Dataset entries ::

(* Let $\Gamma$ be a finite directed graph. The map $\pi\circ\zeta:Y(U(1),\Gamma)\to H^1(\Gamma;\mathbb{R})$ takes values in $\mathcal{Z}_-(\Gamma)$, and $\pi\circ\zeta:Y(U(1),\Gamma)\to\mathcal{Z}_-(\Gamma)$ is a homotopy equivalence: it induces a bijection $\pi_0(Y(U(1),\Gamma))\to\mathcal{Z}_-(\Gamma)$, and each connected component of $Y(U(1),\Gamma)$ is contractible.
   Context: $\Gamma=(V,A,h,t)$ is a finite directed graph. An oriented cycle is a set $\{(a_1,\epsilon_1),\ldots,(a_k,\epsilon_k)\}\subset A\times\{\pm1\}$ such that, writing $h(-a)=t(a)$ and $t(-a)=h(a)$, we have $h(\epsilon_ia_i)=t(\epsilon_{i+1}a_{i+1})$ for $i<k$ and $h(\epsilon_ka_k)=t(\epsilon_1a_1)$, the vertices $h(\epsilon_ia_i)$ are distinct, and $a_1\ne a_2$ if $k=2$. For a group $G$, $Y(G,\Gamma)$ is the space of maps $\lambda:A\to G\setminus\{\mathrm{id}\}$ such that $\lambda(a_1)^{\epsilon_1}\cdots\lambda(a_k)^{\epsilon_k}=\mathrm{id}$ for every oriented cycle. Let $C^1(\Gamma;\mathbb{R})=\mathbb{R}^A$ be the cellular 1-cochains and $\pi:C^1(\Gamma;\mathbb{R})\to H^1(\Gamma;\mathbb{R})$ the natural surjection (dual to the inclusion $H_1(\Gamma;\mathbb{R})\hookrightarrow C_1(\Gamma;\mathbb{R})$). Let $\arg:U(1)\setminus\{1\}\to(0,1)$ be the normalized argument ($\arg(e^{2\pi i s})=s$ for $s\in(0,1)$), and $\zeta:Y(U(1),\Gamma)\to C^1(\Gamma;\mathbb{R})$, $\zeta(\lambda)(a)=\arg(\lambda(a))$. $\mathcal{Z}_-(\Gamma)$ is the set of points of the lattice $H^1(\Gamma;\mathbb{Z})$ lying in the interior of the zonotope $\pi([0,1]^A)\subset H^1(\Gamma;\mathbb{R})$ (equivalently, $\mathcal{Z}_-(\Gamma)=\pi((0,1)^A)\cap H^1(\Gamma;\mathbb{Z})$). *)

theory Defs
  imports "HOL-Analysis.Analysis"
begin

text \<open>A finite directed graph: vertices are a finite type 'v, arcs a finite type 'a,
  with head and tail maps hd_ tl_ :: 'a => 'v.  A signed arc is a pair (a, s) with
  s = True meaning +a and s = False meaning -a.\<close>

definition shead :: "('a \<Rightarrow> 'v) \<Rightarrow> ('a \<Rightarrow> 'v) \<Rightarrow> 'a \<times> bool \<Rightarrow> 'v" where
  "shead h t x = (if snd x then h (fst x) else t (fst x))"

definition stail :: "('a \<Rightarrow> 'v) \<Rightarrow> ('a \<Rightarrow> 'v) \<Rightarrow> 'a \<times> bool \<Rightarrow> 'v" where
  "stail h t x = (if snd x then t (fst x) else h (fst x))"

definition oriented_cycle :: "('a \<Rightarrow> 'v) \<Rightarrow> ('a \<Rightarrow> 'v) \<Rightarrow> ('a \<times> bool) list \<Rightarrow> bool" where
  "oriented_cycle h t c \<longleftrightarrow>
     c \<noteq> [] \<and>
     (\<forall>i < length c. shead h t (c ! i) = stail h t (c ! ((i + 1) mod length c))) \<and>
     distinct (map (shead h t) c) \<and>
     (length c = 2 \<longrightarrow> fst (c ! 0) \<noteq> fst (c ! 1))"

definition spow :: "complex \<Rightarrow> bool \<Rightarrow> complex" where
  "spow g s = (if s then g else inverse g)"

definition YU1 :: "('a::finite \<Rightarrow> 'v) \<Rightarrow> ('a \<Rightarrow> 'v) \<Rightarrow> (complex ^ 'a) set" where
  "YU1 h t = {l. (\<forall>a. cmod (l $ a) = 1 \<and> l $ a \<noteq> 1) \<and>
      (\<forall>c. oriented_cycle h t c \<longrightarrow> prod_list (map (\<lambda>x. spow (l $ fst x) (snd x)) c) = 1)}"

definition narg :: "complex \<Rightarrow> real" where
  "narg z = (THE s. s \<in> {0<..<1} \<and> z = exp (2 * pi * \<i> * complex_of_real s))"

definition zeta :: "complex ^ 'a \<Rightarrow> ('a \<Rightarrow> real)" where
  "zeta l = (\<lambda>a. narg (l $ a))"

definition H1_real :: "('a::finite \<Rightarrow> 'v) \<Rightarrow> ('a \<Rightarrow> 'v) \<Rightarrow> ('a \<Rightarrow> real) set" where
  "H1_real h t = {z. \<forall>v. (\<Sum>a | h a = v. z a) - (\<Sum>a | t a = v. z a) = 0}"

definition H1_int :: "('a::finite \<Rightarrow> 'v) \<Rightarrow> ('a \<Rightarrow> 'v) \<Rightarrow> ('a \<Rightarrow> real) set" where
  "H1_int h t = {z \<in> H1_real h t. \<forall>a. z a \<in> \<int>}"

text \<open>H^1(Gamma;R) = Hom(H_1(Gamma;R),R); an element is represented by the linear functional
  on H_1 (extended by 0 off H_1).  pi : C^1 -> H^1 is restriction of a cochain to cycles.\<close>
definition picoh :: "('a::finite \<Rightarrow> 'v) \<Rightarrow> ('a \<Rightarrow> 'v) \<Rightarrow> ('a \<Rightarrow> real) \<Rightarrow> (('a \<Rightarrow> real) \<Rightarrow> real)" where
  "picoh h t c = (\<lambda>z. if z \<in> H1_real h t then (\<Sum>a\<in>UNIV. c a * z a) else 0)"

definition H1coh_real :: "('a::finite \<Rightarrow> 'v) \<Rightarrow> ('a \<Rightarrow> 'v) \<Rightarrow> (('a \<Rightarrow> real) \<Rightarrow> real) set" where
  "H1coh_real h t = range (picoh h t)"

definition H1coh_int :: "('a::finite \<Rightarrow> 'v) \<Rightarrow> ('a \<Rightarrow> 'v) \<Rightarrow> (('a \<Rightarrow> real) \<Rightarrow> real) set" where
  "H1coh_int h t = {x \<in> H1coh_real h t. \<forall>z \<in> H1_int h t. x z \<in> \<int>}"

definition Zminus :: "('a::finite \<Rightarrow> 'v) \<Rightarrow> ('a \<Rightarrow> 'v) \<Rightarrow> (('a \<Rightarrow> real) \<Rightarrow> real) set" where
  "Zminus h t = picoh h t ` {c. \<forall>a. 0 < c a \<and> c a < 1} \<inter> H1coh_int h t"

end

theory Submission
  imports Defs
begin

text \<open>Write \<open>\<lambda> = exp(2\<pi>i c)\<close> with \<open>c \<in> (0,1)\<^sup>A\<close>. The cycle conditions defining
  \<open>Y(U(1),\<Gamma>)\<close> say exactly that \<open>c\<close> has an integral sum around every oriented cycle. Since a
  closed walk decomposes into oriented cycles and backtracks, such a \<open>c\<close> differs by a
  coboundary from an integer cochain (correct it by its sums along walks from a root in
  each component), so \<open>\<pi>(c)\<close> is a lattice point; conversely an oriented cycle is an
  integral cycle. Hence \<open>exp\<close> identifies \<open>Y\<close> homeomorphically with the cochains in the open
  unit cube lying over lattice points, and each fibre of \<open>\<pi>\<close> there is convex. That integer
  cochain depends continuously on \<open>c\<close>, so \<open>\<pi>\<close> is locally constant on \<open>Y\<close>: the fibres are
  precisely the components, and they are contractible.\<close>

section \<open>Walks and signed sums\<close>

lemma cyclic_successors_iff:
  assumes "xs \<noteq> []"
  shows "(\<forall>i < length xs. R (xs ! i) (xs ! ((i + 1) mod length xs)))
    \<longleftrightarrow> R (last xs) (hd xs) \<and> (\<forall>i. Suc i < length xs \<longrightarrow> R (xs ! i) (xs ! Suc i))"
proof -
  have succ: "(i + 1) mod length xs = (if Suc i < length xs then Suc i else 0)"
    if "i < length xs" for i
    using that by (metis Suc_eq_plus1 Suc_lessI mod_less mod_self)
  have ends: "last xs = xs ! (length xs - 1)" "hd xs = xs ! 0"
    using assms by (simp_all add: last_conv_nth hd_conv_nth)
  show ?thesis
  proof (intro iffI conjI allI impI)
    assume all: "\<forall>i < length xs. R (xs ! i) (xs ! ((i + 1) mod length xs))"
    show "R (last xs) (hd xs)"
      using all[rule_format, of "length xs - 1"] succ[of "length xs - 1"] ends assms by simp
    show "R (xs ! i) (xs ! Suc i)" if "Suc i < length xs" for i
      using all[rule_format, of i] succ[of i] that by simp
  next
    fix i
    assume steps: "R (last xs) (hd xs) \<and> (\<forall>i. Suc i < length xs \<longrightarrow> R (xs ! i) (xs ! Suc i))"
      and i: "i < length xs"
    show "R (xs ! i) (xs ! ((i + 1) mod length xs))"
    proof (cases "Suc i < length xs")
      case False
      then have "i = length xs - 1"
        using i by simp
      then show ?thesis
        using succ[OF i] ends i steps by simp
    qed (use succ[OF i] steps in simp)
  qed
qed

fun walk :: "('a \<Rightarrow> 'v) \<Rightarrow> ('a \<Rightarrow> 'v) \<Rightarrow> 'v \<Rightarrow> ('a \<times> bool) list \<Rightarrow> 'v \<Rightarrow> bool" where
  "walk h t u [] v \<longleftrightarrow> u = v"
| "walk h t u (x # w) v \<longleftrightarrow> stail h t x = u \<and> walk h t (shead h t x) w v"

lemma walk_append: "walk h t u (w1 @ w2) v \<longleftrightarrow> (\<exists>y. walk h t u w1 y \<and> walk h t y w2 v)"
  by (induction w1 arbitrary: u) auto

lemma walk_iff_nth:
  assumes "w \<noteq> []"
  shows "walk h t u w v \<longleftrightarrow> stail h t (hd w) = u \<and> shead h t (last w) = v
    \<and> (\<forall>i. Suc i < length w \<longrightarrow> shead h t (w ! i) = stail h t (w ! Suc i))"
  using assms
proof (induction w arbitrary: u)
  case (Cons x w)
  then show ?case
    by (cases w) (auto simp: less_Suc_eq_0_disj nth_Cons')
qed simp

lemma closed_walk_iff_cyclic:
  assumes "w \<noteq> []"
  shows "walk h t u w u \<longleftrightarrow> stail h t (hd w) = u
    \<and> (\<forall>i < length w. shead h t (w ! i) = stail h t (w ! ((i + 1) mod length w)))"
  unfolding walk_iff_nth[OF assms]
    cyclic_successors_iff[OF assms, of "\<lambda>x y. shead h t x = stail h t y"]
  by blast

lemma oriented_cycle_closed_walk:
  "oriented_cycle h t w \<Longrightarrow> walk h t (stail h t (hd w)) w (stail h t (hd w))"
  using closed_walk_iff_cyclic[of w h t "stail h t (hd w)"] unfolding oriented_cycle_def by blast

definition reverse_walk :: "('a \<times> bool) list \<Rightarrow> ('a \<times> bool) list" where
  "reverse_walk w = rev (map (\<lambda>(a, s). (a, \<not> s)) w)"

lemma walk_reverse_walk: "walk h t u w v \<Longrightarrow> walk h t v (reverse_walk w) u"
  by (induction w arbitrary: u) (auto simp: reverse_walk_def walk_append shead_def stail_def)

definition signed_value :: "('a \<Rightarrow> real) \<Rightarrow> 'a \<times> bool \<Rightarrow> real" where
  "signed_value c x = (if snd x then c (fst x) else - c (fst x))"

definition walk_sum :: "('a \<Rightarrow> real) \<Rightarrow> ('a \<times> bool) list \<Rightarrow> real" where
  "walk_sum c w = sum_list (map (signed_value c) w)"

lemma walk_sum_simps [simp]:
  "walk_sum c [] = 0"
  "walk_sum c (x # w) = signed_value c x + walk_sum c w"
  "walk_sum c (w1 @ w2) = walk_sum c w1 + walk_sum c w2"
  by (simp_all add: walk_sum_def)

lemma walk_sum_diff: "walk_sum (\<lambda>a. c a - d a) w = walk_sum c w - walk_sum d w"
  by (induction w) (auto simp: signed_value_def)

lemma walk_sum_reverse_walk: "walk_sum c (reverse_walk w) = - walk_sum c w"
  by (induction w) (auto simp: reverse_walk_def signed_value_def)

lemma walk_sum_coboundary:
  "walk h t u w v \<Longrightarrow> walk_sum (\<lambda>a. p (h a) - p (t a)) w = p v - p u"
  by (induction w arbitrary: u) (auto simp: signed_value_def shead_def stail_def)

lemma walk_sum_backtrack:
  assumes "fst x = fst y" and "shead h t x \<noteq> shead h t y"
  shows "walk_sum c [x, y] = 0"
proof -
  have "snd x \<noteq> snd y"
  proof
    assume "snd x = snd y"
    with assms(1) have "x = y" by (simp add: prod_eq_iff)
    with assms(2) show False by simp
  qed
  then show ?thesis
    using assms(1) by (auto simp: signed_value_def)
qed

lemma closed_walk_split_at_repeat:
  assumes "walk h t u w u" and "\<not> distinct (map (shead h t) w)"
  obtains y w1 w2 where "walk h t y w1 y" "walk h t y w2 y"
    "length w1 < length w" "length w2 < length w"
    "walk_sum c w = walk_sum c w1 + walk_sum c w2"
proof -
  obtain xs y ys zs where "map (shead h t) w = xs @ [y] @ ys @ [y] @ zs"
    using assms(2) not_distinct_decomp by blast
  then obtain w1 v1 where "w = w1 @ v1" "map (shead h t) v1 = y # ys @ y # zs"
    by (auto simp: map_eq_append_conv)
  then obtain x v where "w = w1 @ x # v" "shead h t x = y" "map (shead h t) v = ys @ y # zs"
    by (cases v1) auto
  moreover obtain w2 v2 where "v = w2 @ v2" "map (shead h t) v2 = y # zs"
    using calculation(3) by (auto simp: map_eq_append_conv)
  then obtain x' w3 where "v = w2 @ x' # w3" "shead h t x' = y"
    by (cases v2) auto
  ultimately have w: "w = w1 @ x # w2 @ x' # w3" and x: "shead h t x = y" and x': "shead h t x' = y"
    by auto
  have "walk h t u (w1 @ [x]) y" "walk h t y (w2 @ [x']) y" "walk h t y w3 u"
    using assms(1) x x' unfolding w by (auto simp: walk_append)
  then have "walk h t y (w2 @ [x']) y" "walk h t y (w3 @ w1 @ [x]) y"
    by (auto simp: walk_append)
  moreover have "walk_sum c w = walk_sum c (w2 @ [x']) + walk_sum c (w3 @ w1 @ [x])"
    unfolding w by simp
  ultimately show ?thesis
    using that[of y "w2 @ [x']" "w3 @ w1 @ [x]"] unfolding w by simp
qed

section \<open>Cochains integral on cycles\<close>

definition integral_on_cycles :: "('a \<Rightarrow> 'v) \<Rightarrow> ('a \<Rightarrow> 'v) \<Rightarrow> ('a \<Rightarrow> real) \<Rightarrow> bool" where
  "integral_on_cycles h t c \<longleftrightarrow> (\<forall>w. oriented_cycle h t w \<longrightarrow> walk_sum c w \<in> \<int>)"

text \<open>A closed walk without repeated vertices is an oriented cycle or a backtrack along one
  arc; otherwise it splits at a repeated vertex into two shorter closed walks.\<close>
lemma walk_sum_closed_walk_Ints:
  assumes c: "integral_on_cycles h t c" and "walk h t u w u"
  shows "walk_sum c w \<in> \<int>"
  using assms(2)
proof (induction "length w" arbitrary: u w rule: less_induct)
  case less
  show ?case
  proof (cases "distinct (map (shead h t) w)")
    case distinct: True
    show ?thesis
    proof (cases "w = [] \<or> length w = 2 \<and> fst (w ! 0) = fst (w ! 1)")
      case True
      then consider "w = []" | x y where "w = [x, y]" "fst x = fst y"
        by (auto simp: numeral_2_eq_2 length_Suc_conv)
      then show ?thesis
        by cases (use distinct walk_sum_backtrack[of _ _ h t c] in auto)
    next
      case False
      then have "oriented_cycle h t w"
        using distinct closed_walk_iff_cyclic[of w h t u] less.prems
        unfolding oriented_cycle_def by blast
      then show ?thesis
        using c by (simp add: integral_on_cycles_def)
    qed
  next
    case False
    then obtain y w1 w2 where "walk h t y w1 y" "walk h t y w2 y"
      "length w1 < length w" "length w2 < length w"
      "walk_sum c w = walk_sum c w1 + walk_sum c w2"
      using closed_walk_split_at_repeat[OF less.prems] by blast
    then show ?thesis using less.hyps by auto
  qed
qed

INSTRUCTIONS TO FOLLOW :: Among the lines above, list those that contain the word "every".

SOLUTION TO THIS PROBLEM ::
   Context: $\Gamma=(V,A,h,t)$ is a finite directed graph. An oriented cycle is a set $\{(a_1,\epsilon_1),\ldots,(a_k,\epsilon_k)\}\subset A\times\{\pm1\}$ such that, writing $h(-a)=t(a)$ and $t(-a)=h(a)$, we have $h(\epsilon_ia_i)=t(\epsilon_{i+1}a_{i+1})$ for $i<k$ and $h(\epsilon_ka_k)=t(\epsilon_1a_1)$, the vertices $h(\epsilon_ia_i)$ are distinct, and $a_1\ne a_2$ if $k=2$. For a group $G$, $Y(G,\Gamma)$ is the space of maps $\lambda:A\to G\setminus\{\mathrm{id}\}$ such that $\lambda(a_1)^{\epsilon_1}\cdots\lambda(a_k)^{\epsilon_k}=\mathrm{id}$ for every oriented cycle. Let $C^1(\Gamma;\mathbb{R})=\mathbb{R}^A$ be the cellular 1-cochains and $\pi:C^1(\Gamma;\mathbb{R})\to H^1(\Gamma;\mathbb{R})$ the natural surjection (dual to the inclusion $H_1(\Gamma;\mathbb{R})\hookrightarrow C_1(\Gamma;\mathbb{R})$). Let $\arg:U(1)\setminus\{1\}\to(0,1)$ be the normalized argument ($\arg(e^{2\pi i s})=s$ for $s\in(0,1)$), and $\zeta:Y(U(1),\Gamma)\to C^1(\Gamma;\mathbb{R})$, $\zeta(\lambda)(a)=\arg(\lambda(a))$. $\mathcal{Z}_-(\Gamma)$ is the set of points of the lattice $H^1(\Gamma;\mathbb{Z})$ lying in the interior of the zonotope $\pi([0,1]^A)\subset H^1(\Gamma;\mathbb{R})$ (equivalently, $\mathcal{Z}_-(\Gamma)=\pi((0,1)^A)\cap H^1(\Gamma;\mathbb{Z})$). *)
  \<open>Y(U(1),\<Gamma>)\<close> say exactly that \<open>c\<close> has an integral sum around every oriented cycle. Since a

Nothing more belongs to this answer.